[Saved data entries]
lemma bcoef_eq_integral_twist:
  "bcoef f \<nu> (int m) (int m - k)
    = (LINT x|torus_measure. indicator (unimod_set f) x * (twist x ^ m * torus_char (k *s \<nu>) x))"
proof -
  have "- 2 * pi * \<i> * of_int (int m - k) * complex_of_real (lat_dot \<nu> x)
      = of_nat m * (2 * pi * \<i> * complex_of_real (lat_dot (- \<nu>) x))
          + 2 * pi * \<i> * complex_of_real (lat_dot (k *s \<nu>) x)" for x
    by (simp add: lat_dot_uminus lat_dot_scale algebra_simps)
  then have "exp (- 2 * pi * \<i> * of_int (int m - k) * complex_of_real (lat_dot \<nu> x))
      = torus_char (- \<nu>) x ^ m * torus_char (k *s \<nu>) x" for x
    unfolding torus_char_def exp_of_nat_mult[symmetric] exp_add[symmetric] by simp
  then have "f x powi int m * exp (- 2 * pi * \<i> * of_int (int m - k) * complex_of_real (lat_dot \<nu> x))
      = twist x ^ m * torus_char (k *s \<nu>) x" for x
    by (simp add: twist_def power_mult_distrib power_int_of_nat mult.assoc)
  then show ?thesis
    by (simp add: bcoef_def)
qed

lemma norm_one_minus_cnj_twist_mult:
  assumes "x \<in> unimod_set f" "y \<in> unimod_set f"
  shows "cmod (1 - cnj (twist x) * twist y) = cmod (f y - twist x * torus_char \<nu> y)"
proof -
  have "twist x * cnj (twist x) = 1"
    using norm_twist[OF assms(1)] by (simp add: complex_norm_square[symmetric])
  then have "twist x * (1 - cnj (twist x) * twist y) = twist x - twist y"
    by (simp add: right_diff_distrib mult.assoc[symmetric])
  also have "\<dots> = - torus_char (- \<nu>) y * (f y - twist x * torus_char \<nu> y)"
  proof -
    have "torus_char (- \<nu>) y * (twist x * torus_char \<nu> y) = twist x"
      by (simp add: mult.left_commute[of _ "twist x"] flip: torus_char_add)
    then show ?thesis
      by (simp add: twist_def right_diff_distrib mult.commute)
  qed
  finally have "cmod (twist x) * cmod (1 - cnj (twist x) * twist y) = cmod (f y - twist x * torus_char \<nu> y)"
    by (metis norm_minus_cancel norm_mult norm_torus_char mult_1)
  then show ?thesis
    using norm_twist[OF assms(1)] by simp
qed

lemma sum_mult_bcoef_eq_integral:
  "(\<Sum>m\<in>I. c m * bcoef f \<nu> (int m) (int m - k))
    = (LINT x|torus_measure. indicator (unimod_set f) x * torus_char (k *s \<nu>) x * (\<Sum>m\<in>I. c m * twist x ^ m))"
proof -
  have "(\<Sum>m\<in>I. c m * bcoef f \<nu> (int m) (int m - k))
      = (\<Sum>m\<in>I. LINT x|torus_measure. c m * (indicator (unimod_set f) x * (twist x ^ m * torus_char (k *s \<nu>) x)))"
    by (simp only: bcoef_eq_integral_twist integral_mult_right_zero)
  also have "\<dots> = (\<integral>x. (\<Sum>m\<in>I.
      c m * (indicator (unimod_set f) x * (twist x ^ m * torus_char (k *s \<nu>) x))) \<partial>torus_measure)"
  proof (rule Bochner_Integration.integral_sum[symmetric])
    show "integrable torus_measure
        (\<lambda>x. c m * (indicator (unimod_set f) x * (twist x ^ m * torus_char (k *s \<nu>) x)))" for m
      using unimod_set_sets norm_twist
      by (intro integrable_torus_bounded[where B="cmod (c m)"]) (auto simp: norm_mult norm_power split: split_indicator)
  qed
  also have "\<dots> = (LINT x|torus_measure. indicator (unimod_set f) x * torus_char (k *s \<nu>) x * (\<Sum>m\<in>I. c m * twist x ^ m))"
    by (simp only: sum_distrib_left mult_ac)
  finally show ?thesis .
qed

> _Your assignment_
Repeat, exactly as they stand above, the lines from the line with "(lat_dot (- \<nu>) x))" to the line with "by (simp add: lat_dot_uminus", both lines included.

> _Task solution_
      = of_nat m * (2 * pi * \<i> * complex_of_real (lat_dot (- \<nu>) x))
          + 2 * pi * \<i> * complex_of_real (lat_dot (k *s \<nu>) x)" for x
    by (simp add: lat_dot_uminus lat_dot_scale algebra_simps)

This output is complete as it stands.